**YOUR GOAL**.
Give again, exactly, every line of the entries below from the one that has "using assms(3) by" to the last.

+++ DATA UNDER STUDY +++

(* Let $f$ be a probability density on $\mathbb{R}$ with unit second moment which is $g$-concentrated (with error functions $\lambda_n$). Suppose there exist $a_1,a_2,C_1,C_2>0$ with $C_1e^{-a_1v^2}\le f(v)\le C_2e^{a_2v^2}$ for all $v\in\mathbb{R}$. Then the family of conditioned tensorisations $F_N$ of $f$ is log-scalable with constant $$C_F=\max\{|\log C_1|,|\log C_2|\}+\max\{a_1,a_2\}+\sup_{N}\left|\frac{\log\left(2(2\pi)^{-1/2}+2\lambda_N(N)\right)}{N}-\frac{\log N}{2N}-\frac{\log\left(|\mathbb{S}^{N-1}|N^{\frac{N-2}{2}}\right)}{N}\right|,$$ and this supremum is finite.
   Context: $\mathbb{S}^{N-1}(r)$ is the sphere of radius $r$ in $\mathbb{R}^N$ with uniform probability measure $d\sigma^N_r$; $|\mathbb{S}^{n-1}|$ is the surface area of the unit sphere in $\mathbb{R}^n$. For a probability density $f$ on $\mathbb{R}$ with unit second moment, $\mathcal{Z}_N(f,r)=\int_{\mathbb{S}^{N-1}(r)}f^{\otimes N}d\sigma^N_r$ and the conditioned tensorisation is $F_N=f^{\otimes N}/\mathcal{Z}_N(f,\sqrt N)$ (a density w.r.t. $d\sigma^N_{\sqrt N}$). $f$ is $g$-concentrated if $\mathcal{Z}_N$ is well defined and for each fixed $k$, $\mathcal{Z}_{N-k}(f,\sqrt u)=\frac{2}{(N-k)^{1/2}|\mathbb{S}^{N-k-1}|u^{(N-k-2)/2}}\left(g(u-(N-k),N-k)+\lambda_{N-k}(u)\right)$, where $g$ is non-negative and bounded, $g(0,N)=(2\pi)^{-1/2}$ for all $N$, $\lim_{N\to\infty}\sup_u|\lambda_N(u)|=0$, and for every $R>0$, $\lim_{N\to\infty}\sup_{|x|<R}|g(x,N)-(2\pi)^{-1/2}|=0$. A family $\{F_N\}$ is log-scalable with constant $C_F>0$ (independent of $N$) if $\sup_{\bm v\in\mathbb{S}^{N-1}(\sqrt N)}|\log F_N(\bm v)|\le C_FN$ for all $N$. *)

theory Defs
  imports "HOL-Analysis.Analysis"
begin

text \<open>Points of R^N are functions nat => real, extensional on {..<N}
  (the space of PiM {..<N} (\<lambda>_. lborel)).\<close>

definition RN :: "nat \<Rightarrow> (nat \<Rightarrow> real) measure" where
  "RN N = PiM {..<N} (\<lambda>_. lborel)"

definition eucl_norm :: "nat \<Rightarrow> (nat \<Rightarrow> real) \<Rightarrow> real" where
  "eucl_norm N x = sqrt (\<Sum>i<N. (x i)\<^sup>2)"

definition sphereN :: "nat \<Rightarrow> real \<Rightarrow> (nat \<Rightarrow> real) set" where
  "sphereN N r = {x \<in> space (RN N). eucl_norm N x = r}"

definition ballN :: "nat \<Rightarrow> real \<Rightarrow> (nat \<Rightarrow> real) set" where
  "ballN N r = {x \<in> space (RN N). eucl_norm N x < r}"

text \<open>Uniform probability measure d sigma^N_r on S^{N-1}(r): the image of the uniform
  (normalised Lebesgue) measure on the ball of radius r under radial projection onto
  the sphere (the cone measure, which is the normalised surface measure).\<close>
definition sphere_measure :: "nat \<Rightarrow> real \<Rightarrow> (nat \<Rightarrow> real) measure" where
  "sphere_measure N r =
     distr (uniform_measure (RN N) (ballN N r)) (RN N)
       (\<lambda>x. restrict (\<lambda>i. r * x i / eucl_norm N x) {..<N})"

definition sphere_area :: "nat \<Rightarrow> real" where
  "sphere_area n = 2 * pi powr (real n / 2) / Gamma (real n / 2)"

definition tensor :: "nat \<Rightarrow> (real \<Rightarrow> real) \<Rightarrow> (nat \<Rightarrow> real) \<Rightarrow> real" where
  "tensor N f v = (\<Prod>i<N. f (v i))"

definition ZN :: "nat \<Rightarrow> (real \<Rightarrow> real) \<Rightarrow> real \<Rightarrow> real" where
  "ZN N f r = integral\<^sup>L (sphere_measure N r) (tensor N f)"

text \<open>Conditioned tensorisation F_N (density w.r.t. sigma^N_{sqrt N}).\<close>
definition cond_tensor :: "(real \<Rightarrow> real) \<Rightarrow> nat \<Rightarrow> (nat \<Rightarrow> real) \<Rightarrow> real" where
  "cond_tensor f N v = tensor N f v / ZN N f (sqrt (real N))"

definition prob_density_unit_moment :: "(real \<Rightarrow> real) \<Rightarrow> bool" where
  "prob_density_unit_moment f \<longleftrightarrow>
     f \<in> borel_measurable borel \<and> (\<forall>v. 0 \<le> f v) \<and>
     integrable lborel f \<and> integral\<^sup>L lborel f = 1 \<and>
     integrable lborel (\<lambda>v. v\<^sup>2 * f v) \<and> integral\<^sup>L lborel (\<lambda>v. v\<^sup>2 * f v) = 1"

text \<open>g-concentration with error functions lam.  The requirement "for each fixed k,
  formula for Z_{N-k}" is stated for every dimension n = N - k >= 1 and every u > 0.\<close>
definition g_concentrated ::
  "(real \<Rightarrow> real) \<Rightarrow> (real \<Rightarrow> nat \<Rightarrow> real) \<Rightarrow> (nat \<Rightarrow> real \<Rightarrow> real) \<Rightarrow> bool" where
  "g_concentrated f g lam \<longleftrightarrow>
     (\<forall>N\<ge>1. \<forall>r>0. integrable (sphere_measure N r) (tensor N f)) \<and>
     (\<forall>n\<ge>1. \<forall>u>0. ZN n f (sqrt u) =
         2 / (sqrt (real n) * sphere_area n * u powr ((real n - 2) / 2))
           * (g (u - real n) n + lam n u)) \<and>
     (\<forall>x n. 0 \<le> g x n) \<and> (\<exists>B. \<forall>x n. g x n \<le> B) \<and>
     (\<forall>n. g 0 n = 1 / sqrt (2 * pi)) \<and>
     (\<forall>\<epsilon>>0. \<exists>N0. \<forall>n\<ge>N0. \<forall>u>0. \<bar>lam n u\<bar> \<le> \<epsilon>) \<and>
     (\<forall>R>0. \<forall>\<epsilon>>0. \<exists>N0. \<forall>n\<ge>N0. \<forall>x. \<bar>x\<bar> < R \<longrightarrow> \<bar>g x n - 1 / sqrt (2 * pi)\<bar> \<le> \<epsilon>)"

definition log_scalable :: "(nat \<Rightarrow> (nat \<Rightarrow> real) \<Rightarrow> real) \<Rightarrow> real \<Rightarrow> bool" where
  "log_scalable F C \<longleftrightarrow> C > 0 \<and>
     (\<forall>N\<ge>1. \<forall>v\<in>sphereN N (sqrt (real N)). \<bar>ln (F N v)\<bar> \<le> C * real N)"

end

theory Submission
  imports Defs
begin

text \<open>On the sphere of radius sqrt N we have sum v_i^2 = N, so the Gaussian bounds on f give
  |log (f(v_1) ... f(v_N))| <= (max |log C_i| + max a_i) N. The normalising constant
  Z_N(f, sqrt N) is given exactly by g-concentration at u = N, where g(0,N) = (2 pi)^(-1/2),
  and |log Z_N| / N is at most the N-th element of the set whose supremum enters C_F.
  That set is bounded: lambda_N(N) -> 0 keeps the first logarithm bounded, and
  Gamma(N/2) = (N/2)^(N/2) e^O(N) makes log (|S^(N-1)| N^((N-2)/2)) = O(N).\<close>

lemma ln_Gamma_half_add_two:
  assumes "m \<ge> 1"
  shows "ln (Gamma (real (m + 2) / 2)) = ln (real m / 2) + ln (Gamma (real m / 2))"
proof -
  have pos: "real m / 2 > 0" using assms by simp
  have "Gamma (real (m + 2) / 2) = Gamma (real m / 2 + 1)" by (simp add: field_simps)
  also have "\<dots> = real m / 2 * Gamma (real m / 2)"
    using pos by (intro Gamma_plus1) (auto elim!: nonpos_Ints_cases)
  finally show ?thesis using pos by (simp only: ln_mult_pos Gamma_real_pos)
qed

lemma ln_Gamma_half_le:
  assumes "n \<ge> 1"
  shows "ln (Gamma (real n / 2)) \<le> ln 2 + real n / 2 * ln (real n)"
  using assms
proof (induction n rule: nat_induct2)
  case 1
  have "sqrt pi \<le> 2" using pi_less_4 real_sqrt_le_iff[of pi 4] by (simp add: real_sqrt_four)
  then show ?case using Gamma_one_half_real by (simp add: real_sqrt_four)
next
  case (step n)
  show ?case
  proof (cases "n = 0")
    case False
    then have n: "real n \<ge> 1" by simp
    have mono: "ln (real n) \<le> ln (real (n + 2))" using n by simp
    have "ln (Gamma (real (n + 2) / 2)) \<le> ln (real n) + real n / 2 * ln (real n)"
      using step.IH n ln_Gamma_half_add_two[of n] by (simp add: ln_div)
    also have "\<dots> \<le> ln (real (n + 2)) + real n / 2 * ln (real (n + 2))"
      using mono n by (intro add_mono mult_left_mono) auto
    moreover have "real (n + 2) / 2 * ln (real (n + 2))
        = ln (real (n + 2)) + real n / 2 * ln (real (n + 2))"
      by (simp add: field_simps)
    moreover have "0 \<le> ln (2::real)" by simp
    ultimately show ?thesis by linarith
  qed simp
qed simp

lemma ln_Gamma_half_ge:
  assumes "n \<ge> 1"
  shows "- ln 2 + (real n - 2) / 2 * (ln (real n) - ln 6) \<le> ln (Gamma (real n / 2))"
  using assms
proof (induction n rule: nat_induct2)
  case 1
  have "sqrt 6 / 2 = sqrt (6 / 4)" by (simp only: real_sqrt_divide real_sqrt_four)
  also have "\<dots> \<le> sqrt pi" using pi_gt3 by simp
  finally have "ln (sqrt 6 / 2) \<le> ln (sqrt pi)" by simp
  then show ?case using Gamma_one_half_real by (simp add: ln_div ln_sqrt)
next
  case (step n)
  show ?case
  proof (cases "n = 0")
    case False
    then have n: "real n \<ge> 1" by simp
    \<comment> \<open>from n to n + 2 the bound grows faster than ln Gamma by at most
      n/2 * ln (1 + 2/n) - ln 3 \<le> 1 - ln 3 \<le> 0\<close>
    have "1 + 2 / real n = real (n + 2) / real n" using n by (simp add: field_simps)
    then have "real n / 2 * (ln (real (n + 2)) - ln (real n)) = real n / 2 * ln (1 + 2 / real n)"
      using n by (simp add: ln_divide_pos)
    also have "\<dots> \<le> real n / 2 * (2 / real n)"
      using n by (intro mult_left_mono ln_add_one_self_le_self) auto
    also have "\<dots> \<le> ln 3" using n exp_le by (simp add: ln_ge_iff)
    finally have growth: "real n / 2 * (ln (real (n + 2)) - ln (real n)) \<le> ln 3" .
    have "ln (6::real) = ln 2 + ln 3" using ln_mult[of 2 3] by simp
    then show ?thesis
      using step.IH n growth ln_Gamma_half_add_two[of n]
      by (simp add: ln_div field_simps)
  qed simp
qed simp

lemma abs_ln_sphere_area_scaled_le:
  assumes "n \<ge> 1"
  shows "\<bar>ln (sphere_area n * real n powr ((real n - 2) / 2))\<bar> \<le> 6 * real n"
proof -
  have n: "real n \<ge> 1" using assms by simp
  have "ln (sphere_area n * real n powr ((real n - 2) / 2))
      = ln 2 + real n / 2 * ln pi - ln (Gamma (real n / 2)) + (real n - 2) / 2 * ln (real n)"
    unfolding sphere_area_def using n by (simp add: ln_mult_pos ln_divide_pos)
  moreover note ln_Gamma_half_le[OF assms] ln_Gamma_half_ge[OF assms]
  moreover have "ln (2::real) \<le> 1" "ln (6::real) \<le> 5"
    using ln_le_minus_one[of 2] ln_le_minus_one[of 6] by simp_all
  moreover have "0 \<le> real n / 2 * ln pi" "real n / 2 * ln pi \<le> real n / 2 * 3"
    using n ln_le_minus_one[of pi] pi_less_4 pi_ge_two by (auto intro!: mult_left_mono)
  moreover have "ln (real n) \<le> real n" using ln_le_minus_one[of "real n"] n by simp
  moreover have "(real n - 2) / 2 * ln 6 \<le> real n / 2 * 5"
    using n \<open>ln 6 \<le> 5\<close> by (intro mult_mono) auto
  moreover have "(real n - 2) / 2 * (ln (real n) - ln 6)
      = (real n - 2) / 2 * ln (real n) - (real n - 2) / 2 * ln 6"
    "(real n - 2) / 2 * ln (real n) = real n / 2 * ln (real n) - ln (real n)"
    by (simp_all add: algebra_simps diff_divide_distrib)
  ultimately show ?thesis using n by linarith
qed

text \<open>Holds without sign conditions because \<open>ln x = ln \<bar>x\<bar>\<close> and \<open>ln 0 = 0\<close> for reals.\<close>
lemma abs_ln_divide_le: "\<bar>ln (x / y)\<bar> \<le> \<bar>ln x - ln (y :: real)\<bar>"
  by (simp add: ln_div)

lemma sum_squares_sphereN:
  assumes "v \<in> sphereN N r"
  shows "(\<Sum>i<N. (v i)\<^sup>2) = r\<^sup>2"
proof -
  have "sqrt (\<Sum>i<N. (v i)\<^sup>2) = r" using assms unfolding sphereN_def eucl_norm_def by simp
  moreover have "(\<Sum>i<N. (v i)\<^sup>2) \<ge> 0" by (simp add: sum_nonneg)
  ultimately show ?thesis by auto
qed

lemma abs_ln_le_of_gaussian_bounds:
  fixes x y :: real
  assumes "C1 > 0" "C1 * exp (- a1 * x\<^sup>2) \<le> y" "y \<le> C2 * exp (a2 * x\<^sup>2)"
  shows "\<bar>ln y\<bar> \<le> max \<bar>ln C1\<bar> \<bar>ln C2\<bar> + max a1 a2 * x\<^sup>2"
proof -
  have "0 < C1 * exp (- a1 * x\<^sup>2)" using assms(1) by simp
  then have "0 < y" using assms(2) by linarith
  moreover from this have "0 < C2"
    using assms(3) by (metis exp_gt_zero order_less_le_trans zero_less_mult_pos2)
  ultimately have "ln C1 - a1 * x\<^sup>2 \<le> ln y" "ln y \<le> ln C2 + a2 * x\<^sup>2"
    using assms ln_mono[of "C1 * exp (- a1 * x\<^sup>2)" y] ln_mono[of y "C2 * exp (a2 * x\<^sup>2)"]
    by (simp_all add: ln_mult_pos)
  moreover have "a1 * x\<^sup>2 \<le> max a1 a2 * x\<^sup>2" "a2 * x\<^sup>2 \<le> max a1 a2 * x\<^sup>2"
    by (simp_all add: mult_right_mono)
  ultimately show ?thesis by linarith
qed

+++

**RESPONSE**.
    using assms(3) by (metis exp_gt_zero order_less_le_trans zero_less_mult_pos2)
  ultimately have "ln C1 - a1 * x\<^sup>2 \<le> ln y" "ln y \<le> ln C2 + a2 * x\<^sup>2"
    using assms ln_mono[of "C1 * exp (- a1 * x\<^sup>2)" y] ln_mono[of y "C2 * exp (a2 * x\<^sup>2)"]
    by (simp_all add: ln_mult_pos)
  moreover have "a1 * x\<^sup>2 \<le> max a1 a2 * x\<^sup>2" "a2 * x\<^sup>2 \<le> max a1 a2 * x\<^sup>2"
    by (simp_all add: mult_right_mono)
  ultimately show ?thesis by linarith
qed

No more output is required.